Scientists can now assemble entire genomes on their personal computers in minutes

Scientists from the Massachusetts Institute of Technology (MIT) and the Institut Pasteur in France have developed a technique for reconstructing entire genomes, including the human genome, on a personal computer. This technique is about a hundred times faster than current state-of-the-art approaches and uses one-fifth of the resources. The study, published on September 14 in the journal Cellular systems, enables a more compact representation of genome data inspired by the way words, rather than letters, provide condensed building blocks for language models.
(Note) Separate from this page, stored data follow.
(* Let $M$ be a complex manifold and $z\in M$. If $M$ is hyperbolic at $z$, then there is a neighborhood $W$ of $z$ such that $M$ is hyperbolic at every $z'\in W$.
   Context: $\mathbb D\subset\mathbb C$ is the open unit disc. For $z,w\in M$: $\tilde k^\ast_M(z,w)=\inf\{|\alpha|:\exists f\in\mathcal O(\mathbb D,M),\ f(0)=z,\ f(\alpha)=w\}$, $\tilde k_M=\tanh^{-1}\tilde k^\ast_M$; the Kobayashi pseudodistance is $k_M(z,w)=\inf_{m\in\mathbb N}\inf\{\sum_{j=1}^m\tilde k_M(z_{j-1},z_j): z_0,\dots,z_m\in M,\ z_0=z,\ z_m=w\}$. $M$ is hyperbolic at $z$ if $k_M(z,w)>0$ for every $w\in M\setminus\{z\}$. *)

theory Defs
  imports "HOL-Analysis.Analysis"
begin

definition holo_vec_on :: "(complex ^ 'n) set \<Rightarrow> (complex ^ 'n \<Rightarrow> complex ^ 'm) \<Rightarrow> bool" where
  "holo_vec_on S g \<longleftrightarrow> open S \<and> (\<forall>x\<in>S. \<exists>D. (g has_derivative D) (at x) \<and>
       (\<forall>(c::complex) v. D (c *s v) = c *s D v))"

text \<open>A holomorphic atlas of complex dimension CARD('n) on the topological space
  (the whole type) 'a: charts are homeomorphisms of open sets onto open subsets of C^n,
  the chart domains cover, and all transition maps are holomorphic.\<close>
definition complex_atlas :: "('a::topological_space set \<times> ('a \<Rightarrow> complex ^ 'n)) set \<Rightarrow> bool" where
  "complex_atlas A \<longleftrightarrow>
     (\<forall>(U,\<phi>)\<in>A. open U \<and> open (\<phi> ` U) \<and> (\<exists>\<psi>. homeomorphism U (\<phi> ` U) \<phi> \<psi>)) \<and>
     \<Union> (fst ` A) = UNIV \<and>
     (\<forall>(U,\<phi>)\<in>A. \<forall>(V,\<psi>)\<in>A. holo_vec_on (\<phi> ` (U \<inter> V)) (\<psi> \<circ> inv_into U \<phi>))"

definition holo_disc :: "('a::topological_space set \<times> ('a \<Rightarrow> complex ^ 'n)) set \<Rightarrow> (complex \<Rightarrow> 'a) \<Rightarrow> bool" where
  "holo_disc A f \<longleftrightarrow> continuous_on (ball 0 1) f \<and>
     (\<forall>(U,\<phi>)\<in>A. \<forall>i. (\<lambda>t. \<phi> (f t) $ i) holomorphic_on (ball 0 1 \<inter> f -` U))"

text \<open>Lempert-type function k~*_M; inf of the empty set is +infinity.\<close>
definition kstar :: "('a::topological_space set \<times> ('a \<Rightarrow> complex ^ 'n)) set \<Rightarrow> 'a \<Rightarrow> 'a \<Rightarrow> ereal" where
  "kstar A z w = Inf {ereal (cmod \<alpha>) | \<alpha> f. \<alpha> \<in> ball 0 1 \<and> holo_disc A f \<and> f 0 = z \<and> f \<alpha> = w}"

definition ktilde :: "('a::topological_space set \<times> ('a \<Rightarrow> complex ^ 'n)) set \<Rightarrow> 'a \<Rightarrow> 'a \<Rightarrow> ereal" where
  "ktilde A z w = (if kstar A z w < 1 then ereal (artanh (real_of_ereal (kstar A z w))) else \<infinity>)"

definition kobayashi :: "('a::topological_space set \<times> ('a \<Rightarrow> complex ^ 'n)) set \<Rightarrow> 'a \<Rightarrow> 'a \<Rightarrow> ereal" where
  "kobayashi A z w = Inf {(\<Sum>j\<in>{1..m}. ktilde A (zs (j - 1)) (zs j)) | (m::nat) (zs::nat \<Rightarrow> 'a).
       zs 0 = z \<and> zs m = w}"

definition hyperbolic_at :: "('a::topological_space set \<times> ('a \<Rightarrow> complex ^ 'n)) set \<Rightarrow> 'a \<Rightarrow> bool" where
  "hyperbolic_at A z \<longleftrightarrow> (\<forall>w. w \<noteq> z \<longrightarrow> kobayashi A z w > 0)"

end

theory Submission
  imports Defs
begin

(* Fix a chart (U, phi) around z with the closed ball of radius 4R about p = phi z inside phi(U),
   and let B, C be the preimages of the open and the closed ball of radius 2R.
   (1) A straight disc in the chart shows that nearby chart points are close for the Kobayashi
       pseudodistance k; hence k(z, -) is locally bounded below in the chart, and compactness of
       the sphere gives a barrier: k(z, x) >= delta > 0 on C - B.
   (2) Confinement: a disc starting at a point x of B with k(z, x) < delta/2 cannot leave B within
       radius rho = min (1/2) (delta/4), since the exit point would be too close to z.  Inductively,
       every chain of discs of small total length starting near z stays in B.
   (3) Transport: for z' near z, translate a short chain from z' to w by d = p - phi z' in the chart
       and rescale its discs by rho.  This yields a chain from z to phi^-1(phi w + d) whose length is
       at most 4/rho times the original one; as z is hyperbolic, short chains from z' to w != z'
       cannot exist, i.e. z' is hyperbolic. *)

lemma artanh_mono_real:
  fixes x y :: real assumes "0 \<le> x" "x \<le> y" "y < 1"
  shows "artanh x \<le> artanh y"
proof -
  have "(1+x)/(1-x) \<le> (1+y)/(1-y)" using assms by (simp add: divide_simps) (simp add: algebra_simps)
  moreover have "0 < (1+x)/(1-x)" using assms by simp
  ultimately show ?thesis unfolding artanh_def by simp
qed

lemma artanh_nonneg_real: fixes x :: real assumes "0 \<le> x" "x < 1" shows "0 \<le> artanh x"
  using artanh_mono_real[of 0 x] assms by simp

lemma artanh_le_2x:
  fixes x :: real assumes "0 \<le> x" "x \<le> 1/2"
  shows "artanh x \<le> 2 * x"
proof -
  have pos: "0 < (1+x)/(1-x)" using assms by simp
  have "ln ((1+x)/(1-x)) \<le> (1+x)/(1-x) - 1" using ln_le_minus_one[OF pos] .
  also have "\<dots> = 2*x/(1-x)" using assms by (simp add: field_simps)
  also have "\<dots> \<le> 4*x" using assms by (simp add: divide_simps) (simp add: algebra_simps mult_left_le)
  finally show ?thesis unfolding artanh_def by simp
qed

lemma artanh_ge_half:
  fixes x :: real assumes "0 \<le> x" "x < 1"
  shows "x / 2 \<le> artanh x"
proof -
  have pos: "0 < (1-x)/(1+x)" using assms by simp
  have "ln ((1-x)/(1+x)) \<le> (1-x)/(1+x) - 1" using ln_le_minus_one[OF pos] .
  moreover have "ln ((1-x)/(1+x)) = - ln ((1+x)/(1-x))" using assms
    by (simp add: ln_div)
  moreover have "(1-x)/(1+x) - 1 = - 2*x/(1+x)" using assms by (simp add: field_simps)
  moreover have "2*x/(1+x) \<ge> x" using assms by (simp add: divide_simps) (simp add: algebra_simps mult_left_le)
  ultimately show ?thesis unfolding artanh_def by simp
qed

lemma kstar_nonneg: "0 \<le> kstar A x y"
  unfolding kstar_def by (rule Inf_greatest) auto

lemma ktilde_nonneg: "0 \<le> ktilde A x y"
proof (cases "kstar A x y < 1")
  case True
  have k0: "0 \<le> kstar A x y" by (rule kstar_nonneg)
  then obtain r where r: "kstar A x y = ereal r" using True
    by (cases "kstar A x y") auto
  with k0 True have "0 \<le> r" "r < 1" by auto
  then show ?thesis using True r by (simp add: ktilde_def artanh_nonneg_real)
qed (simp add: ktilde_def)

lemma ktilde_le_disc:
  assumes "holo_disc A f" "\<alpha> \<in> ball 0 1" "f 0 = x" "f \<alpha> = y"
  shows "ktilde A x y \<le> ereal (artanh (cmod \<alpha>))"
proof -
  have a1: "cmod \<alpha> < 1" using assms(2) by simp
  have "kstar A x y \<le> ereal (cmod \<alpha>)"
    unfolding kstar_def by (rule Inf_lower) (use assms in blast)
  moreover have k0: "0 \<le> kstar A x y" by (rule kstar_nonneg)
  ultimately obtain r where r: "kstar A x y = ereal r" "0 \<le> r" "r \<le> cmod \<alpha>"
    by (cases "kstar A x y") auto
  then show ?thesis using a1
    by (simp add: ktilde_def artanh_mono_real)
qed

lemma disc_of_ktilde_less:
  assumes "ktilde A x y < ereal e"
  shows "\<exists>\<alpha> f. \<alpha> \<in> ball 0 1 \<and> holo_disc A f \<and> f 0 = x \<and> f \<alpha> = y \<and> artanh (cmod \<alpha>) < e"
proof -
  have kl: "kstar A x y < 1" using assms by (auto simp: ktilde_def split: if_splits)
  have k0: "0 \<le> kstar A x y" by (rule kstar_nonneg)
  obtain k where k: "kstar A x y = ereal k" using kl k0 by (cases "kstar A x y") auto
  have k01: "0 \<le> k" "k < 1" using k kl k0 by auto
  have ak: "artanh k < e" using assms kl k by (simp add: ktilde_def)
  define e' where "e' = (artanh k + e) / 2"
  have e'1: "artanh k < e'" "e' < e" using ak by (auto simp: e'_def)
  have "k < tanh e'"
  proof (rule ccontr)
    assume "\<not> k < tanh e'"
    then have "tanh e' \<le> k" by simp
    moreover have "0 \<le> tanh e'" using e'1 artanh_nonneg_real[OF k01] by simp
    ultimately have "artanh (tanh e') \<le> artanh k" using artanh_mono_real k01 by blast
    then show False using e'1 by (simp add: artanh_tanh_real)
  qed
  then have "kstar A x y < ereal (tanh e')" using k by simp
  then obtain u where u: "u \<in> {ereal (cmod \<alpha>) | \<alpha> f. \<alpha> \<in> ball 0 1 \<and> holo_disc A f \<and> f 0 = x \<and> f \<alpha> = y}"
    "u < ereal (tanh e')"
    unfolding kstar_def by (auto simp: Inf_less_iff)
  then obtain \<alpha> f where disc: "u = ereal (cmod \<alpha>)" "\<alpha> \<in> ball 0 1" "holo_disc A f" "f 0 = x" "f \<alpha> = y"
    by blast
  have "cmod \<alpha> < tanh e'" using u disc by simp
  then have "artanh (cmod \<alpha>) \<le> artanh (tanh e')"
    by (intro artanh_mono_real) (auto simp: tanh_real_lt_1)
  then have "artanh (cmod \<alpha>) < e" using e'1 by (simp add: artanh_tanh_real)
  then show ?thesis using disc by blast
qed

lemma kobayashi_le_chain:
  fixes m :: nat
  assumes "zs 0 = x" "zs m = y"
  shows "kobayashi A x y \<le> (\<Sum>j\<in>{1..m}. ktilde A (zs (j - 1)) (zs j))"
  unfolding kobayashi_def
  by (rule Inf_lower, rule CollectI, rule exI[of _ m], rule exI[of _ zs]) (use assms in simp)

lemma kobayashi_le_ktilde: "kobayashi A x y \<le> ktilde A x y"
  using kobayashi_le_chain[of "\<lambda>j. if j = 0 then x else y" x 1 y A] by simp

lemma kobayashi_extend_less:
  assumes "kobayashi A x w < ereal a" "ktilde A w y \<le> ereal b"
  shows "kobayashi A x y < ereal (a + b)"
proof -
  from assms(1) obtain c where "c \<in> {(\<Sum>j\<in>{1..m}. ktilde A (zs (j - 1)) (zs j)) | (m::nat) zs.
       zs 0 = x \<and> zs m = w}" "c < ereal a"
    unfolding kobayashi_def by (auto simp: Inf_less_iff)
  then obtain m :: nat and zs where c: "c = (\<Sum>j\<in>{1..m}. ktilde A (zs (j - 1)) (zs j))" "zs 0 = x" "zs m = w"
    by blast
  define zs' where "zs' = zs(Suc m := y)"
  have "kobayashi A x y \<le> (\<Sum>j\<in>{1..Suc m}. ktilde A (zs' (j - 1)) (zs' j))"
    by (rule kobayashi_le_chain) (auto simp: zs'_def c)
  also have "\<dots> = (\<Sum>j\<in>{1..m}. ktilde A (zs' (j - 1)) (zs' j)) + ktilde A (zs' m) (zs' (Suc m))"
    by (simp add: sum.atLeast1_atMost_eq)
  also have "(\<Sum>j\<in>{1..m}. ktilde A (zs' (j - 1)) (zs' j)) = c"
    unfolding c zs'_def by (rule sum.cong) auto
  also have "ktilde A (zs' m) (zs' (Suc m)) = ktilde A w y" using c by (simp add: zs'_def)
  finally have le: "kobayashi A x y \<le> c + ktilde A w y" .
  have c0: "0 \<le> c" unfolding c by (auto intro!: sum_nonneg ktilde_nonneg)
  have t0: "0 \<le> ktilde A w y" by (rule ktilde_nonneg)
  obtain c' where c': "c = ereal c'" using c0 \<open>c < ereal a\<close> by (cases c) auto
  obtain t' where t': "ktilde A w y = ereal t'" using t0 assms(2) by (cases "ktilde A w y") auto
  have "c + ktilde A w y < ereal (a + b)"
    using c' t' \<open>c < ereal a\<close> assms(2) by simp
  with le show ?thesis by simp
qed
“We can quickly assemble entire genomes and metagenomes, including microbial genomes, on a modest laptop,” says Bonnie Berger, Simons professor of mathematics in the MIT Computing and AI Lab and author of the study. “This ability is essential for assessing changes in the gut microbiome linked to disease and bacterial infections, such as sepsis, so that we can treat them faster and save lives.”

Genome assembly projects have come a long way since the Human Genome Project, which completed assembly of the first complete human genome in 2003 at a cost of around $ 2.7 billion and over a decade. international collaboration. But if human genome assembly projects no longer take years, they still require days and massive computing power. Third-generation sequencing technologies offer terabytes of high-quality genomic sequences with tens of thousands of base pairs, but genome assembly using such a large amount of data has proven difficult.

To approach genome assembly more efficiently than current techniques, which involve making pairwise comparisons between all possible pairs of reads, Berger and his colleagues turned to language models. Building on the concept of a Bruijn graph, a simple and efficient data structure used for genome assembly, the researchers developed a minimizer-space Bruin graph (mdBG), which uses short sequences of nucleotides. called minimizers instead of single nucleotides.

“Our minimizer-space Bruijn plots store only a small fraction of the total nucleotides, while preserving the overall structure of the genome, allowing them to be orders of magnitude more efficient than conventional Bruijn plots,” explains Berger.

The researchers applied their method to assemble real HiFi data (which has near-perfect single-molecule readability) to Drosophila melanogaster fruit flies, as well as human genome data provided by Pacific Biosciences (PacBio). When they evaluated the resulting genomes, Berger and his colleagues found that their mdBG-based software required about 33 times less time and 8 times less computer hardware of random access memory (RAM) than other genome assemblers. Their software performed genome assembly of human HiFi data 81 times faster with 18 times less memory usage than Peregrine assembler and 338 times faster with 19 times less memory usage than Peregrine. the hifiasm assembler.

Next, Berger and his colleagues used their method to construct an index for a collection of 661,406 bacterial genomes, the largest such collection to date. They found that the new technique could search the entire collection for antimicrobial resistance genes in 13 minutes, a process that took 7 hours using standard sequence alignment.

“We knew our representation was efficient, but we didn’t know it would fit as well in real data, after further code optimizations,” Berger explains.

“The whole idea works and doesn’t require some of the usually expensive pre-processing steps, like error correction, performed by most other genome assembly methods,” says Rayan Chikhi, researcher and group leader at the Institut Pasteur and author of the study.

“We can also handle sequencing data with error rates of up to 4%,” adds Berger. “With long read sequencers with varying error rates falling in price quickly, this capability opens the door to democratizing sequencing data analysis.”

Berger notes that while the method currently works best when processing PacBio HiFi reads, which fall well below a 1% error rate, it may soon be compatible with Oxford Nanopore ultra-long reads, which currently has 5-12% error rates but may soon offer 4% readings.

“We plan to reach out to scientists in the field to help them develop rapid genomic testing sites, going beyond PCR and tag arrays that might miss important differences between genomes,” Berger said.